Why 50% of Actors don’t get cast

This is a true story of why 50% of the actors who submitted for a role didn’t get cast.

Trust me, I take no pleasure in telling this story but I’m doing so in the hope that some of you in that 50% group will read it and change your attitude and maybe get cast next time.

It begins a few months ago when we posted a casting notice here on enCAST looking for actors for a film. It was, all in all, the kind of film and the kind of role actors really look for: a well paid lead role in a full length drama film shooting in a cool location in Southern Europe. (There were a few other roles as well, but let’s just talk about the lead for now.)

And if that were not enough, there was also a famous and well respected English actor featuring in the film and working alongside them would be a coup for any up and coming actor.

So the casting notice went up and within days we had received a lot of submissions. The production company had asked us to help with the preliminary casting so we began to go through them. Almost every actor who submitted could have played the role (i.e. they were the right age, look, etc) and since there were other roles in the film to cast as well, we wrote back to every single actor who submitted and asked them to send us a very short self-tape where they performed a scene from the film.

Now remember, every single actor we wrote to could have got the role. In fact, we WANTED to get back loads of awesome self-tapes: that is what makes Casting Directors (CDs) get excited! We were rooting for these actors. We couldn’t wait to send on a whole bunch of self-tapes to the production showcasing incredible talent so every time an email arrived in our inbox we opened it up and waited eagerly to see what the self-tape was like.

But now, months later with the casting long closed, I have to tell you that we received just half the self-tapes we asked for.

In other words, we offered a whole bunch of actors an incredible opportunity to be in a potentially huge film and half the actors we asked just couldn’t be bothered to even write back to us or make the self-tape.

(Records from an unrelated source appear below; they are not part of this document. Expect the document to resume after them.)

locale hermitian_form = vector_space scale
  for scale :: "'k::field \<Rightarrow> 'v::ab_group_add \<Rightarrow> 'v" +
  fixes cj :: "'k \<Rightarrow> 'k" and g :: "'v \<Rightarrow> 'v \<Rightarrow> 'k"
  assumes g_linear_left: "g (scale a x + y) z = a * g x z + g y z"
    and g_conj_sym: "g x y = cj (g y x)"
    and cj_add: "cj (a + b) = cj a + cj b"
    and cj_mult: "cj (a * b) = cj a * cj b"
    and cj_cj: "cj (cj a) = a"
begin

lemma g_additive_left: "additive (\<lambda>x. g x z)"
  by unfold_locales (use g_linear_left[of 1] in simp)

lemma g_additive_right: "additive (g z)"
  by unfold_locales (metis g_conj_sym cj_add additive.add[OF g_additive_left])

lemma g_scale_right: "g z (scale a x) = cj a * g z x"
  by (metis g_conj_sym cj_mult g_linear_left[of a x 0] additive.zero[OF g_additive_left] add_0_right)

lemmas g_zero_left = additive.zero[OF g_additive_left]
  and g_sum_left = additive.sum[OF g_additive_left]
  and g_diff_right = additive.diff[OF g_additive_right]
  and g_sum_right = additive.sum[OF g_additive_right]

lemma orth_span: "orth g (span B) = orth g B"
proof
  show "orth g (span B) \<subseteq> orth g B"
    unfolding orth_def using span_base by blast
next
  show "orth g B \<subseteq> orth g (span B)"
  proof
    fix u assume u: "u \<in> orth g B"
    have "g w u = 0" if "w \<in> span B" for w
      using that by (induct rule: span_induct_alt) (use u in \<open>auto simp: orth_def g_linear_left g_zero_left\<close>)
    then show "u \<in> orth g (span B)" unfolding orth_def by blast
  qed
qed

lemma fam_sum_subset_orth:
  assumes "\<And>i j a b. i \<in> I \<Longrightarrow> j \<in> J \<Longrightarrow> a \<in> A i \<Longrightarrow> b \<in> B j \<Longrightarrow> g b a = 0"
  shows "fam_sum I A \<subseteq> orth g (fam_sum J B)"
  unfolding fam_sum_def orth_def
  using assms by (force simp: g_sum_left g_sum_right intro!: sum.neutral)

lemma fam_sum_orth_in_subset_orth_iff:
  "fam_sum I (\<lambda>i. orth_in g (H i) (K i)) \<subseteq> orth g (fam_sum I K) \<longleftrightarrow>
    (\<forall>i\<in>I. orth_in g (H i) (K i) \<subseteq> orth g (fam_sum (I - {i}) K))"
proof
  assume sub: "fam_sum I (\<lambda>i. orth_in g (H i) (K i)) \<subseteq> orth g (fam_sum I K)"
  show "\<forall>i\<in>I. orth_in g (H i) (K i) \<subseteq> orth g (fam_sum (I - {i}) K)"
  proof (intro ballI subsetI)
    fix i p assume i: "i \<in> I" and p: "p \<in> orth_in g (H i) (K i)"
    have "p \<in> fam_sum I (\<lambda>i. orth_in g (H i) (K i))" using i p by (rule fam_sum_singletonI)
    moreover have "fam_sum (I - {i}) K \<subseteq> fam_sum I K" unfolding fam_sum_def by blast
    ultimately show "p \<in> orth g (fam_sum (I - {i}) K)" using sub unfolding orth_def by blast
  qed
next
  assume orth_others: "\<forall>i\<in>I. orth_in g (H i) (K i) \<subseteq> orth g (fam_sum (I - {i}) K)"
  show "fam_sum I (\<lambda>i. orth_in g (H i) (K i)) \<subseteq> orth g (fam_sum I K)"
  proof (rule fam_sum_subset_orth)
    fix i j a b assume ij: "i \<in> I" "j \<in> I" and a: "a \<in> orth_in g (H i) (K i)" and b: "b \<in> K j"
    show "g b a = 0"
    proof (cases "j = i")
      case True
      then show ?thesis using a b unfolding orth_in_def by blast
    next
      case False
      then have "b \<in> fam_sum (I - {i}) K" using ij b by (intro fam_sum_singletonI) auto
      then show ?thesis using orth_others ij a unfolding orth_def by blast
    qed
  qed
qed

end

locale anisotropic_hermitian_form = hermitian_form +
  assumes g_anisotropic: "g x x = 0 \<Longrightarrow> x = 0"
begin

lemma orthogonal_projection_span:
  assumes "finite B"
  shows "\<exists>k\<in>span B. v - k \<in> orth g (span B)"
  using assms
proof (induct B arbitrary: v rule: finite_induct)
  case empty
  then show ?case by (auto simp: orth_def span_zero g_zero_left)
next
  case (insert b B)
  obtain kb where kb: "kb \<in> span B" "b - kb \<in> orth g (span B)"
    using insert.hyps(3) by blast
  obtain k0 where k0: "k0 \<in> span B" "v - k0 \<in> orth g (span B)"
    using insert.hyps(3) by blast
  define u where "u = b - kb"
  show ?case
  proof (cases "u = 0")
    case True
    then have "span (insert b B) = span B" using kb u_def span_redundant by simp
    then show ?thesis using k0 by auto
  next
    case False
    \<comment> \<open>\<open>u\<close> is orthogonal to \<open>span B\<close>; correct \<open>k0\<close> along \<open>u\<close> to remove the \<open>u\<close>-component of \<open>v - k0\<close>\<close>
    define c where "c = cj (g u (v - k0) / g u u)"
    define k where "k = k0 + scale c u"
    have span_mono_insert: "span B \<subseteq> span (insert b B)" by (rule span_mono) blast
    have "u \<in> span (insert b B)"
      unfolding u_def using kb(1) span_mono_insert by (intro span_diff) (auto intro: span_base)
    then have k: "k \<in> span (insert b B)"
      unfolding k_def using k0(1) span_mono_insert by (intro span_add span_scale) auto
    have g_v_k: "g w (v - k) = g w (v - k0) - cj c * g w u" for w
    proof -
      have "v - k = (v - k0) - scale c u" unfolding k_def by (simp add: algebra_simps)
      then show ?thesis by (simp only: g_diff_right g_scale_right)
    qed
    have orth_B: "g w (v - k) = 0" if "w \<in> span B" for w
      using g_v_k[of w] k0 kb that unfolding u_def orth_def by simp
    have "g u u \<noteq> 0" using g_anisotropic False by blast
    then have "g u (v - k) = 0" using g_v_k[of u] unfolding c_def by (simp add: cj_cj)
    then have "g b (v - k) = 0"
      using orth_B[OF kb(1)] additive.add[OF g_additive_left, of u kb] unfolding u_def by simp
    then have "v - k \<in> orth g (insert b B)"
      using orth_B span_base unfolding orth_def by blast
    then show ?thesis using k by (auto simp: orth_span)
  qed
qed

lemma fin_dim_orth_in_decomp:
  assumes H: "fin_dim_subspace scale H" and K: "subspace K" "K \<subseteq> H" and x: "x \<in> H"
  shows "\<exists>k\<in>K. x - k \<in> orth_in g H K"
proof -
  obtain T where T: "finite T" "span T = H" "subspace H"
    using H unfolding fin_dim_subspace_def by blast
  obtain B where B: "B \<subseteq> K" "independent B" "K \<subseteq> span B"
    by (rule basis_exists)
  have "finite B" using independent_span_bound[OF T(1) B(2)] B(1) K(2) T(2) by blast
  moreover have "span B = K" using span_subspace[OF B(1) B(3) K(1)] .
  ultimately obtain k where k: "k \<in> K" "x - k \<in> orth g K"
    using orthogonal_projection_span by blast
  moreover have "x - k \<in> H" using subspace_diff[OF T(3) x] k(1) K(2) by blast
  ultimately show ?thesis unfolding orth_def orth_in_def by blast
qed

lemma orth_subset_fam_sum_orth_in:
  assumes H: "fam_sum I H = UNIV"
    and decomp: "\<And>i x. i \<in> I \<Longrightarrow> x \<in> H i \<Longrightarrow> \<exists>k\<in>K i. x - k \<in> orth_in g (H i) (K i)"
    and orth_sum: "fam_sum I (\<lambda>i. orth_in g (H i) (K i)) \<subseteq> orth g (fam_sum I K)"
  shows "orth g (fam_sum I K) \<subseteq> fam_sum I (\<lambda>i. orth_in g (H i) (K i))"
proof
  fix v assume v: "v \<in> orth g (fam_sum I K)"
  have "v \<in> fam_sum I H" using H by simp
  then obtain S x where S: "finite S" "S \<subseteq> I" "\<forall>i\<in>S. x i \<in> H i" "v = sum x S"
    unfolding fam_sum_def by blast
  obtain k where k: "\<forall>i\<in>S. k i \<in> K i \<and> x i - k i \<in> orth_in g (H i) (K i)"
    using bchoice[of S "\<lambda>i k. k \<in> K i \<and> x i - k \<in> orth_in g (H i) (K i)"] decomp S(2,3) by blast
  define p where "p = (\<Sum>i\<in>S. x i - k i)"
  have p: "p \<in> fam_sum I (\<lambda>i. orth_in g (H i) (K i))"
    unfolding p_def using S(1,2) k by (intro fam_sum_sumI) auto
  have kS: "sum k S \<in> fam_sum I K" using S(1,2) k by (intro fam_sum_sumI) auto
  have "sum k S = v - p" unfolding p_def S(4) by (simp add: sum_subtractf)
  moreover have "v - p \<in> orth g (fam_sum I K)"
    using v p orth_sum unfolding orth_def by (auto simp: g_diff_right)
  ultimately have "g (sum k S) (sum k S) = 0" using kS unfolding orth_def by simp
  then have "sum k S = 0" by (rule g_anisotropic)
  then show "v \<in> fam_sum I (\<lambda>i. orth_in g (H i) (K i))"
    using p unfolding p_def S(4) by (simp add: sum_subtractf)
qed

lemma orth_rker_eq_fam_sum_iff:
  assumes f: "Vector_Spaces.linear scale scale f"
    and H: "\<forall>i\<in>I. fin_dim_subspace scale (H i) \<and> f ` H i \<subseteq> H i"
    and ds: "is_direct_sum I H"
  shows "fam_sum I (\<lambda>i. orth_in g (H i) (rker f (H i))) = orth g (rker f UNIV) \<longleftrightarrow>
    (\<forall>i\<in>I. orth_in g (H i) (rker f (H i)) \<subseteq> orth g (fam_sum (I - {i}) (\<lambda>j. rker f (H j))))"
proof -
  let ?K = "\<lambda>i. rker f (H i)" and ?P = "\<lambda>i. orth_in g (H i) (rker f (H i))"
  have f_hom: "module_hom scale scale f" using f module_hom_iff_linear by blast
  have H_subspace: "subspace (H i)" if "i \<in> I" for i
    using H that unfolding fin_dim_subspace_def by blast
  have "additive f" by unfold_locales (rule module_hom.add[OF f_hom])
  then have ker: "rker f UNIV = fam_sum I ?K"
    using rker_UNIV_eq_fam_sum[OF _ ds] H H_subspace subspace_0 by blast
  have "orth g (fam_sum I ?K) \<subseteq> fam_sum I ?P" if "fam_sum I ?P \<subseteq> orth g (fam_sum I ?K)"
  proof (rule orth_subset_fam_sum_orth_in[OF is_direct_sum_fam_sum_UNIV[OF ds] _ that])
    fix i x assume i: "i \<in> I" and x: "x \<in> H i"
    have "?K i = H i \<inter> {x. f x = 0}" unfolding rker_def by blast
    then have "subspace (?K i)"
      using subspace_inter[OF H_subspace[OF i] module_hom.subspace_kernel[OF f_hom]] by simp
    then show "\<exists>k\<in>?K i. x - k \<in> orth_in g (H i) (?K i)"
      using fin_dim_orth_in_decomp H i x unfolding rker_def by blast
  qed
  then have "fam_sum I ?P = orth g (rker f UNIV) \<longleftrightarrow> fam_sum I ?P \<subseteq> orth g (fam_sum I ?K)"
    unfolding ker by blast
  then show ?thesis using fam_sum_orth_in_subset_orth_iff by simp
qed

end

lemma is_inner_product_anisotropic_hermitian_form:
  assumes "vector_space scale" and g: "is_inner_product scale cj g"
    and "\<And>a b. cj (a + b) = cj a + cj b" "\<And>a b. cj (a * b) = cj a * cj b" "\<And>a. cj (cj a) = a"
  shows "anisotropic_hermitian_form scale cj g"
proof -
  have "g x x = 0 \<Longrightarrow> x = 0" for x
    using g unfolding is_inner_product_def by (metis less_irrefl of_real_eq_0_iff)
  then show ?thesis
    using assms unfolding anisotropic_hermitian_form_def anisotropic_hermitian_form_axioms_def
      hermitian_form_def hermitian_form_axioms_def is_inner_product_def
    by blast
qed

theorem lemma3p19:
  shows "(\<forall>(scale :: real \<Rightarrow> 'v::ab_group_add \<Rightarrow> 'v) (g :: 'v \<Rightarrow> 'v \<Rightarrow> real) f (I :: 'i set) H.
            vector_space scale \<and> is_inner_product scale (\<lambda>x. x) g \<and>
            Vector_Spaces.linear scale scale f \<and>
            (\<forall>i\<in>I. fin_dim_subspace scale (H i) \<and> f ` H i \<subseteq> H i) \<and>
            is_direct_sum I H \<longrightarrow>
            (fam_sum I (\<lambda>i. orth_in g (H i) (rker f (H i))) = orth g (rker f UNIV) \<longleftrightarrow>
             (\<forall>i\<in>I. orth_in g (H i) (rker f (H i))
                       \<subseteq> orth g (fam_sum (I - {i}) (\<lambda>j. rker f (H j))))))
       \<and>
         (\<forall>(scale :: complex \<Rightarrow> 'w::ab_group_add \<Rightarrow> 'w) (g :: 'w \<Rightarrow> 'w \<Rightarrow> complex) f (I :: 'j set) H.
            vector_space scale \<and> is_inner_product scale cnj g \<and>
            Vector_Spaces.linear scale scale f \<and>
            (\<forall>i\<in>I. fin_dim_subspace scale (H i) \<and> f ` H i \<subseteq> H i) \<and>
            is_direct_sum I H \<longrightarrow>
            (fam_sum I (\<lambda>i. orth_in g (H i) (rker f (H i))) = orth g (rker f UNIV) \<longleftrightarrow>
             (\<forall>i\<in>I. orth_in g (H i) (rker f (H i))
                       \<subseteq> orth g (fam_sum (I - {i}) (\<lambda>j. rker f (H j))))))"
  by (intro conjI allI impI; elim conjE;
      rule anisotropic_hermitian_form.orth_rker_eq_fam_sum_iff[OF
        is_inner_product_anisotropic_hermitian_form];
      assumption?; simp)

Naturally they weren’t even considered for any of the roles.

The irony is, of course, we loved the look of some of those actors who didn’t respond. Some of them we genuinely thought could stand a good chance of getting the role and yet… they just blew it. It’s hard to imagine, isn’t it. Acting is a tough business and here we were handing a load of actors a really great opportunity and half of them didn’t even care enough to make the effort.

(Fortunately we received some amazing self-tapes which we sent on to the production and they selected the very best who are now deep in rehearsals for a shoot later this year… but that’s another story.)

So I will end with a simple plea: if we (or a production) ever ask you for a self-tape it means we think and we hope that you might be the perfect actor for a role so please don’t ruin your chances before you begin by not even making the self-tape.